That's right, it's time for Macworld/iWorld!

The show runs January 31st through February 2nd, 2013 at San Francisco's Moscone Center. I'll be there all three days. Look me up.

There are two parts to the show: the Expo, which is a giant space filled with software programmers and hardware vendors and book publishers and iPhone case manufacturers and speaker designers (you get the idea-- if it has, or could have, anything to do with Macs or iPhones or iPads, it's in the Expo), and the Tech Talks, which are classes where you can go and learn stuff. (Of course, you can learn stuff in the Expo too-- walk right up to the exhibitors and start asking questions.) Admission to the Expo floor is $25 (good for all three days). The "iFan Pass" costs $100, gaining you entrance to over 60 Tech Talks in addition to getting you into the Expo. Prices are higher at the door so you should definitely register in advance.

Even better, use this link provided by our friends Other World Computing and get FREE admission to the Expo. Can't beat that. Check out their Macworld/iWorld web page, and see them on the show floor in booth 401. They only have so many of these passes so you should click that link right now. If you strike out, try searching www.retailmenot.com for a discount code.

UPDATE: David Sparks' MacSparky blog has an even better link because it not only offers free admission to the Expo but half off for the iFan Pass.

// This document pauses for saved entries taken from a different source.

(* Let $\nu:\mathcal{P}(\mathbf{N})\to\mathbf{R}$ be a normalized capacity and let $\mathcal{I}$ be an ideal on $\mathbf{N}$. The following are equivalent: (i) $\nu$ is $\mathcal{I}$-invariant; (ii) there exists a normalized capacity $\rho:\mathscr{B}(\mathrm{Ult}(\mathcal{I}))\to\mathbf{R}$ such that for every $x\in\ell_\infty$, $$\int_{\mathbf{N}} x\,\mathrm{d}\nu=\int_{\mathrm{Ult}(\mathcal{I})}\Big(\int_{\mathbf{N}} x\,\mathrm{d}\mu_{\mathcal{F}}\Big)\,\mathrm{d}\rho(\mathcal{F});$$ (iii) there exists a normalized capacity $\rho:\mathscr{B}(\mathrm{Ult}(\mathcal{I}))\to\mathbf{R}$ such that for every $A\subseteq\mathbf{N}$, $$\nu(A)=\int_{\mathrm{Ult}(\mathcal{I})}\mu_{\mathcal{F}}(A)\,\mathrm{d}\rho(\mathcal{F}).$$
   Context: $\mathbf{N}$ is the set of positive integers. Given a measurable space $(S,\Sigma)$, a normalized capacity $\nu:\Sigma\to\mathbf{R}$ is a set function with $\nu(A)\le\nu(B)$ whenever $A\subseteq B$, $\nu(\emptyset)=0$, $\nu(S)=1$. An ideal on $\mathbf{N}$ is a family $\mathcal{I}\subseteq\mathcal{P}(\mathbf{N})$ closed under subsets and finite unions, with $\mathbf{N}\notin\mathcal{I}$, and (standing assumption) containing all finite subsets of $\mathbf{N}$. Its dual filter is $\mathcal{I}^\star=\{A\subseteq\mathbf{N}:\mathbf{N}\setminus A\in\mathcal{I}\}$. A normalized capacity $\nu$ on $\mathcal{P}(\mathbf{N})$ is $\mathcal{I}$-invariant if $\nu(A)=\nu(B)$ whenever the symmetric difference $A\triangle B\in\mathcal{I}$. $\beta\mathbf{N}$ denotes the space of ultrafilters on $\mathbf{N}$ with the topology generated by the clopen basis $\{\{\mathcal{F}\in\beta\mathbf{N}:A\in\mathcal{F}\}:A\subseteq\mathbf{N}\}$; $\mathrm{Ult}(\mathcal{I})=\{\mathcal{F}\in\beta\mathbf{N}:\mathcal{I}^\star\subseteq\mathcal{F}\}$ with the relative topology, and $\mathscr{B}(\cdot)$ denotes the Borel $\sigma$-algebra. For $\mathcal{F}\in\mathrm{Ult}(\mathcal{I})$, $\mu_{\mathcal{F}}:\mathcal{P}(\mathbf{N})\to\{0,1\}$ is given by $\mu_{\mathcal{F}}(A)=1$ iff $A\in\mathcal{F}$. $\ell_\infty$ is the space of bounded real sequences. For a bounded function $x$ on $S$ and a normalized capacity $\nu$ (defined at least on the upper level sets of $x$), the Choquet integral is $\int_S x\,\mathrm{d}\nu=\int_0^\infty\nu(x\ge t)\,\mathrm{d}t+\int_{-\infty}^0[\nu(x\ge t)-\nu(S)]\,\mathrm{d}t$ (improper Riemann integrals). *)

theory Defs
  imports "HOL-Analysis.Analysis"
begin

text \<open>The positive integers N are modelled by the type nat (a relabelling n to n+1).\<close>

definition is_ideal :: "nat set set \<Rightarrow> bool" where
  "is_ideal I \<longleftrightarrow>
     (\<forall>A B. A \<in> I \<and> B \<subseteq> A \<longrightarrow> B \<in> I) \<and>
     (\<forall>A B. A \<in> I \<and> B \<in> I \<longrightarrow> A \<union> B \<in> I) \<and>
     UNIV \<notin> I \<and>
     (\<forall>A. finite A \<longrightarrow> A \<in> I)"

definition dual_filter :: "nat set set \<Rightarrow> nat set set" where
  "dual_filter I = {A. UNIV - A \<in> I}"

definition is_ultrafilter :: "nat set set \<Rightarrow> bool" where
  "is_ultrafilter F \<longleftrightarrow>
     UNIV \<in> F \<and> {} \<notin> F \<and>
     (\<forall>A B. A \<in> F \<and> A \<subseteq> B \<longrightarrow> B \<in> F) \<and>
     (\<forall>A B. A \<in> F \<and> B \<in> F \<longrightarrow> A \<inter> B \<in> F) \<and>
     (\<forall>A. A \<in> F \<or> UNIV - A \<in> F)"

text \<open>Stone-Cech compactification beta N with its clopen-basis topology.\<close>
definition betaN_topology :: "nat set set topology" where
  "betaN_topology =
     topology_generated_by {{F. is_ultrafilter F \<and> A \<in> F} | A. True}"

definition Ult :: "nat set set \<Rightarrow> nat set set set" where
  "Ult I = {F. is_ultrafilter F \<and> dual_filter I \<subseteq> F}"

definition Ult_borel :: "nat set set \<Rightarrow> nat set set set set" where
  "Ult_borel I =
     sigma_sets (topspace (subtopology betaN_topology (Ult I)))
                {U. openin (subtopology betaN_topology (Ult I)) U}"

definition normalized_capacity :: "'a set \<Rightarrow> 'a set set \<Rightarrow> ('a set \<Rightarrow> real) \<Rightarrow> bool" where
  "normalized_capacity S \<Sigma> \<nu> \<longleftrightarrow>
     (\<forall>A\<in>\<Sigma>. \<forall>B\<in>\<Sigma>. A \<subseteq> B \<longrightarrow> \<nu> A \<le> \<nu> B) \<and> \<nu> {} = 0 \<and> \<nu> S = 1"

definition invariant :: "nat set set \<Rightarrow> (nat set \<Rightarrow> real) \<Rightarrow> bool" where
  "invariant I \<nu> \<longleftrightarrow> (\<forall>A B. (A - B) \<union> (B - A) \<in> I \<longrightarrow> \<nu> A = \<nu> B)"

definition mu_uf :: "nat set set \<Rightarrow> nat set \<Rightarrow> real" where
  "mu_uf F A = (if A \<in> F then 1 else 0)"

text \<open>Choquet integral of x over S w.r.t. nu; the improper Riemann integrals
  are rendered as (Henstock-Kurzweil) integrals over the half-lines.\<close>
definition choquet :: "'a set \<Rightarrow> ('a set \<Rightarrow> real) \<Rightarrow> ('a \<Rightarrow> real) \<Rightarrow> real" where
  "choquet S \<nu> x =
     integral {0..} (\<lambda>t. \<nu> {s\<in>S. x s \<ge> t}) +
     integral {..0} (\<lambda>t. \<nu> {s\<in>S. x s \<ge> t} - \<nu> S)"

end

theory Submission
  imports Defs
begin

text \<open>Write \<open>\<hat>A = {F \<in> Ult(I). A \<in> F}\<close>. The Choquet integral of \<open>\<mu>\<^sub>F(A)\<close> with respect to \<open>\<rho>\<close>
  is \<open>\<rho>(\<hat>A)\<close>, and \<open>\<hat>A\<close> only depends on the class of \<open>A\<close> modulo \<open>I\<close>; this gives (iii) \<open>\<Longrightarrow>\<close> (i),
  while (ii) \<open>\<Longrightarrow>\<close> (iii) is (ii) for indicator functions. For (i) \<open>\<Longrightarrow>\<close> (ii), take the inner
  extension \<open>\<rho>(U) = sup {\<nu>(A) | \<hat>A \<subseteq> U}\<close>. The Choquet integral of \<open>x\<close> with respect to \<open>\<mu>\<^sub>F\<close> is
  the \<open>F\<close>-limit of \<open>x\<close>, and for \<open>s < t\<close> the level sets are sandwiched:
  \<open>\<nu>(x \<ge> t) \<le> \<rho>(F-lim x \<ge> t) \<le> \<nu>(x \<ge> s)\<close>. The upper bound is where invariance enters: if
  \<open>\<hat>A \<subseteq> {F-lim x \<ge> t}\<close>, then \<open>A - {x \<ge> s}\<close> lies in no ultrafilter of \<open>Ult(I)\<close>, hence in \<open>I\<close>.
  So the two level functions agree outside the countably many discontinuities of the
  monotone function \<open>t \<mapsto> \<nu>(x \<ge> t)\<close>, and the Choquet integrals coincide.\<close>

subsection \<open>Choquet integrals on the real line\<close>

lemma integral_const_on_interval:
  fixes a b c :: real
  assumes "a \<le> b" "{a..b} \<subseteq> T"
  shows "integral T (\<lambda>t. if t \<in> {a..b} then c else 0) = (b - a) * c"
proof -
  have "((\<lambda>t. c) has_integral (b - a) * c) {a..b}"
    using has_integral_const_real[of c a b] assms by simp
  then have "((\<lambda>t. if t \<in> {a..b} then c else 0) has_integral (b - a) * c) T"
    by (rule has_integral_restrict[OF assms(2), of "\<lambda>t. c", THEN iffD2])
  then show ?thesis by blast
qed

lemma choquet_cong:
  assumes "\<And>s. s \<in> S \<Longrightarrow> g s = h s"
  shows "choquet S m g = choquet S m h"
proof -
  have "{s\<in>S. g s \<ge> t} = {s\<in>S. h s \<ge> t}" for t using assms by auto
  then show ?thesis unfolding choquet_def by simp
qed

lemma choquet_two_valued:
  assumes "m S = 1" "m {} = 0" "\<And>s. s \<in> S \<Longrightarrow> h s = 0 \<or> h s = 1"
  shows "choquet S m h = m {s\<in>S. h s = 1}"
proof -
  let ?c = "m {s\<in>S. h s = 1}"
  have le0: "{s\<in>S. h s \<ge> t} = S" if "t \<le> 0" for t using that assms(3) by force
  have mid: "{s\<in>S. h s \<ge> t} = {s\<in>S. h s = 1}" if "0 < t" "t \<le> 1" for t
    using that assms(3) by force
  have gt1: "{s\<in>S. h s \<ge> t} = {}" if "t > 1" for t using that assms(3) by force
  have "integral {0..} (\<lambda>t. m {s\<in>S. h s \<ge> t})
      = integral {0..} (\<lambda>t::real. if t \<in> {0..1} then ?c else 0)"
    by (rule integral_spike[where S="{0}"]) (auto simp: mid gt1 assms(2))
  also have "\<dots> = ?c" using integral_const_on_interval[of 0 1 "{0..}" ?c] by simp
  finally have pos: "integral {0..} (\<lambda>t. m {s\<in>S. h s \<ge> t}) = ?c" .
  have "integral {..0} (\<lambda>t. m {s\<in>S. h s \<ge> t} - m S) = integral {..0} (\<lambda>t::real. 0::real)"
    by (rule integral_cong) (auto simp: le0)
  then show ?thesis using pos unfolding choquet_def by simp
qed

I will be speaking at the very exciting and informative "RapidFire" session on Thursday night. This session, scheduled for 6 PM on the Macworld/iWorld Main Stage, features several Mac and iPhone/iPad experts, each offering five-minute lessons on a variety of Mac and iPhone/iPad subjects. My lesson is called "More, Better, Faster, Funner" and it's 27 years of Mac tips presented in 300 seconds. I think you'll like it.